(Collection entries)
****************

(* Let $n\ge2$, $\delta>0$, $d_0>0$, and $f,g:\mathbb{R}^3\to\mathbb{R}$ sufficiently smooth. Consider the $n$-patch model with identical diffusion rates, for $j\in\Omega=\{1,\dots,n\}$, $$\dot u_j=\delta d_0\sum_{i\in\Omega}(u_i-u_j)+f(u_j,v_j,\alpha),\qquad \dot v_j=\delta d_0\sum_{i\in\Omega}(v_i-v_j)+g(u_j,v_j,\alpha)$$ (i.e. the model with $\delta\sum_i(d_{11}(u_i-u_j)+d_{12}(v_i-v_j))$ and $\delta\sum_i(d_{21}(u_i-u_j)+d_{22}(v_i-v_j))$ where $d_{11}=d_{22}=d_0$, $d_{12}=d_{21}=0$). Suppose the kinetic system $\dot u=f(u,v,\alpha_0)$, $\dot v=g(u,v,\alpha_0)$ has a stable periodic solution $\psi(t)=(u_0(t),v_0(t))$ with minimum period $p>0$ whose Floquet multipliers are $\gamma=1$ and $\tilde\gamma\in(0,1)$. Then, with $\alpha=\alpha_0$, for sufficiently small $\delta>0$ the synchronous periodic solution $(\psi(t),\dots,\psi(t))^T$ is stable with respect to the patch model. *)

theory Defs
  imports "HOL-Analysis.Analysis" "HOL-Computational_Algebra.Polynomial"
begin

definition C1_fun3 :: "(real \<Rightarrow> real \<Rightarrow> real \<Rightarrow> real) \<Rightarrow> bool" where
  "C1_fun3 h \<longleftrightarrow> (\<exists>D :: real^3 \<Rightarrow> ((real^3) \<Rightarrow>\<^sub>L real).
      (\<forall>x. ((\<lambda>y. h (y$1) (y$2) (y$3)) has_derivative blinfun_apply (D x)) (at x))
      \<and> continuous_on UNIV D)"

definition kinetic_field ::
  "(real \<Rightarrow> real \<Rightarrow> real \<Rightarrow> real) \<Rightarrow> (real \<Rightarrow> real \<Rightarrow> real \<Rightarrow> real) \<Rightarrow> real \<Rightarrow> real^2 \<Rightarrow> real^2" where
  "kinetic_field f g \<alpha> x = vector [f (x$1) (x$2) \<alpha>, g (x$1) (x$2) \<alpha>]"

****************

- [Requirement]:
Look above for the line that contains "((real^3) \<Rightarrow>\<^sub>L real).". Starting there, transcribe every line exactly until you have copied the line that contains "real) \<Rightarrow> (real".

- [Task solution]:
  "C1_fun3 h \<longleftrightarrow> (\<exists>D :: real^3 \<Rightarrow> ((real^3) \<Rightarrow>\<^sub>L real).
      (\<forall>x. ((\<lambda>y. h (y$1) (y$2) (y$3)) has_derivative blinfun_apply (D x)) (at x))
      \<and> continuous_on UNIV D)"

definition kinetic_field ::
  "(real \<Rightarrow> real \<Rightarrow> real \<Rightarrow> real) \<Rightarrow> (real \<Rightarrow> real \<Rightarrow> real \<Rightarrow> real) \<Rightarrow> real \<Rightarrow> real^2 \<Rightarrow> real^2" where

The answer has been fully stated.